### Exercise requirements
Transcribe the records below exactly as written, from the opening line through the line that contains "(\<Sum>y\<in>UNIV. w x y *".

### Information supplied
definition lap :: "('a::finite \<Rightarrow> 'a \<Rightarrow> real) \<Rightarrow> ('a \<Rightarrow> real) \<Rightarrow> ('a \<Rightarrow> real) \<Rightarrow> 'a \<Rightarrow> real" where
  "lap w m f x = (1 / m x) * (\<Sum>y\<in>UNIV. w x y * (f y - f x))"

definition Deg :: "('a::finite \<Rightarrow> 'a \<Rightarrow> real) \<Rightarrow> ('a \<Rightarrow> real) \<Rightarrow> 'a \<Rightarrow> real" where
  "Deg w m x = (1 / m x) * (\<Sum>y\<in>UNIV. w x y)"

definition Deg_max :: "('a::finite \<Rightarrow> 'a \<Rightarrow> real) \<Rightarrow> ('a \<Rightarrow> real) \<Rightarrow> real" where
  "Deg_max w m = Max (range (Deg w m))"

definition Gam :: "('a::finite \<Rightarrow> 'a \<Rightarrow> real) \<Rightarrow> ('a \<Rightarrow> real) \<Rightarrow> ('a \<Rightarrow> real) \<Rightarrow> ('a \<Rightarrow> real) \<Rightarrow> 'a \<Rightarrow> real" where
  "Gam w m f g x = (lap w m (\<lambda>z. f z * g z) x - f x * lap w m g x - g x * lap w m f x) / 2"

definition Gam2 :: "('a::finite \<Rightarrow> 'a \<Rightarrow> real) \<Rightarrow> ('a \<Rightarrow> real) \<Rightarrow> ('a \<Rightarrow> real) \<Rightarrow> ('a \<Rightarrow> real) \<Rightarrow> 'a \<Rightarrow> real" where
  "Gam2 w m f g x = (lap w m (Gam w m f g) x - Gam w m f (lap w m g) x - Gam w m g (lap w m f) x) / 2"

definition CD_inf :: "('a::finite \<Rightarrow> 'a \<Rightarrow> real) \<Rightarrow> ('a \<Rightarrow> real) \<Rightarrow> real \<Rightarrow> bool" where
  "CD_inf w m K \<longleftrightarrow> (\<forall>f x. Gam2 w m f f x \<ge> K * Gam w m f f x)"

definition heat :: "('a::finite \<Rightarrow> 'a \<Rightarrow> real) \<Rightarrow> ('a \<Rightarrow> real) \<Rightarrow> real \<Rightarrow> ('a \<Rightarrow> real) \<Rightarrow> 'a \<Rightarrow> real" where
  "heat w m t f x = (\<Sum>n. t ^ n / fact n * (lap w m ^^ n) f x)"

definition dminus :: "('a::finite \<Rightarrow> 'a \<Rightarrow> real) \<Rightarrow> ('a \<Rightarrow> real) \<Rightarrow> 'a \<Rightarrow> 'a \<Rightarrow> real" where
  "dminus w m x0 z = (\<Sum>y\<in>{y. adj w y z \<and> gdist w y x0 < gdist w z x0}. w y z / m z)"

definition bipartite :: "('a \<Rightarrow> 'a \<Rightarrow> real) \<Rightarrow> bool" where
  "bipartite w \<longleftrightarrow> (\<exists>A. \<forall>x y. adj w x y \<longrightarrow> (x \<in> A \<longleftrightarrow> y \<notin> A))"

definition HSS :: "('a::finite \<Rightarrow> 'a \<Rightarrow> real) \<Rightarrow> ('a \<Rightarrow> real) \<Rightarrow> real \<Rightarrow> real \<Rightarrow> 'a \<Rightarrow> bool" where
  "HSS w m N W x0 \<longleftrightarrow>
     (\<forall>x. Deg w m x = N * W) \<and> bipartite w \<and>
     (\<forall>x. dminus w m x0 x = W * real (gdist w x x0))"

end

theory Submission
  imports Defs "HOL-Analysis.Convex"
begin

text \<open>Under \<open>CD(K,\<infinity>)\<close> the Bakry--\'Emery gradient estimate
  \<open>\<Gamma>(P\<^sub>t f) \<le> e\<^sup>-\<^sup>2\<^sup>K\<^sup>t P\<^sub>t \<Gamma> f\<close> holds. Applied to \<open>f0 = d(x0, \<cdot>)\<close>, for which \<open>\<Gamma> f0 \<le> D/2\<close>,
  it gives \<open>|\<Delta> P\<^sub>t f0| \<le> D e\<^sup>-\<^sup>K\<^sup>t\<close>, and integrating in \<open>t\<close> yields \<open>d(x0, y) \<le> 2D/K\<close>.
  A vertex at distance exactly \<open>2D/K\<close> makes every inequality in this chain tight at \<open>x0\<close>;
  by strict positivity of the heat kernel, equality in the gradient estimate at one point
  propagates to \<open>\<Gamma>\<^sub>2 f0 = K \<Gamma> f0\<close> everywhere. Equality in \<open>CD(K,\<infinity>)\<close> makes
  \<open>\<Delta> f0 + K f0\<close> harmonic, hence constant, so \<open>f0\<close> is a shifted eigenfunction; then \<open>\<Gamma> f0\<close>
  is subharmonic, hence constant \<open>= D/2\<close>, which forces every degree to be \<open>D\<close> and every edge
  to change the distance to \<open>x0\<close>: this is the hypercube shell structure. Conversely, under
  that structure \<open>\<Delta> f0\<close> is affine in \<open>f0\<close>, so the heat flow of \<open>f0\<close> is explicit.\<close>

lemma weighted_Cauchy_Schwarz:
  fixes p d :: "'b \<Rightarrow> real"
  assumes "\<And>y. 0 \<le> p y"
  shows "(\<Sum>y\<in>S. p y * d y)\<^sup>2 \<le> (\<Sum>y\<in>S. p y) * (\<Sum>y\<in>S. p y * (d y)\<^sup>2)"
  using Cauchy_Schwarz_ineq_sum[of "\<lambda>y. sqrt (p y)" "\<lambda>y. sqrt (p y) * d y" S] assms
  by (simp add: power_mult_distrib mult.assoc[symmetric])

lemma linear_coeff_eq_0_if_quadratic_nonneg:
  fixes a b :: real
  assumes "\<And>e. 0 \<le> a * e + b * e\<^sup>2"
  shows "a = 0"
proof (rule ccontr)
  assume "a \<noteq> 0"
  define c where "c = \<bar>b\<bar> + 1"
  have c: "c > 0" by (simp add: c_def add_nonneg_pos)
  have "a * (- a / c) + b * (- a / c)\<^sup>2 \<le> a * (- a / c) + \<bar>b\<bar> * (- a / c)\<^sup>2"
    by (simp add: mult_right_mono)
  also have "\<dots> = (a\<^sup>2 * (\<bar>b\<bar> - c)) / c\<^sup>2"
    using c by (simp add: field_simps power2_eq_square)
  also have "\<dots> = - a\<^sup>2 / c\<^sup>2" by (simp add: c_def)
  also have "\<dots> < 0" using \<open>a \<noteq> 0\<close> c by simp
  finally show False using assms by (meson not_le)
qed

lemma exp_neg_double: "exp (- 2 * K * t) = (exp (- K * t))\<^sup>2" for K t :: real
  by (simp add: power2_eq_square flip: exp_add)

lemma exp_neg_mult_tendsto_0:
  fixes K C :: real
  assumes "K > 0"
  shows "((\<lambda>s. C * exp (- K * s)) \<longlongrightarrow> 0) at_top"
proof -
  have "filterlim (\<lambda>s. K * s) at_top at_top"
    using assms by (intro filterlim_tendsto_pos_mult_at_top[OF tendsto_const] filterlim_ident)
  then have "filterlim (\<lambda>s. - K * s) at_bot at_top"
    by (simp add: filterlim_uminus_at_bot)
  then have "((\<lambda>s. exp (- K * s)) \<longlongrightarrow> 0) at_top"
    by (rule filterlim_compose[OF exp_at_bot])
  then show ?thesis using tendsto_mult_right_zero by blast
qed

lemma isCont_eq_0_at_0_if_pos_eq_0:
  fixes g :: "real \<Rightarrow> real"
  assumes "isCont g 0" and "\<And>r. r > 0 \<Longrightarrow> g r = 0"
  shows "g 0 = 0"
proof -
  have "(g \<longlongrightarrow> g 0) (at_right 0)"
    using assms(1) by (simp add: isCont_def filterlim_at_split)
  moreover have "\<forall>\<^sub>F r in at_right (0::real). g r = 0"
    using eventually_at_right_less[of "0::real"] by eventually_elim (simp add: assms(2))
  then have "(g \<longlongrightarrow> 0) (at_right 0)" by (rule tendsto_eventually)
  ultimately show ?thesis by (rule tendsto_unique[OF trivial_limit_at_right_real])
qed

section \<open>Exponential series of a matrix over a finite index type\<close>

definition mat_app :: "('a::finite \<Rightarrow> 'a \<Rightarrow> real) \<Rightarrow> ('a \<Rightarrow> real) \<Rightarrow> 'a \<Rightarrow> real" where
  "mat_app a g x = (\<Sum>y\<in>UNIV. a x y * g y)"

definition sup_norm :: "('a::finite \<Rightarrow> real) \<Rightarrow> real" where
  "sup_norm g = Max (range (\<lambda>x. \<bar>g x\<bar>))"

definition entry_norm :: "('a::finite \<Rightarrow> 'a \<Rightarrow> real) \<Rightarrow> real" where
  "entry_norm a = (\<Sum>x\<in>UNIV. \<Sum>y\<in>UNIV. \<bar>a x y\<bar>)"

### Result
definition lap :: "('a::finite \<Rightarrow> 'a \<Rightarrow> real) \<Rightarrow> ('a \<Rightarrow> real) \<Rightarrow> ('a \<Rightarrow> real) \<Rightarrow> 'a \<Rightarrow> real" where
  "lap w m f x = (1 / m x) * (\<Sum>y\<in>UNIV. w x y * (f y - f x))"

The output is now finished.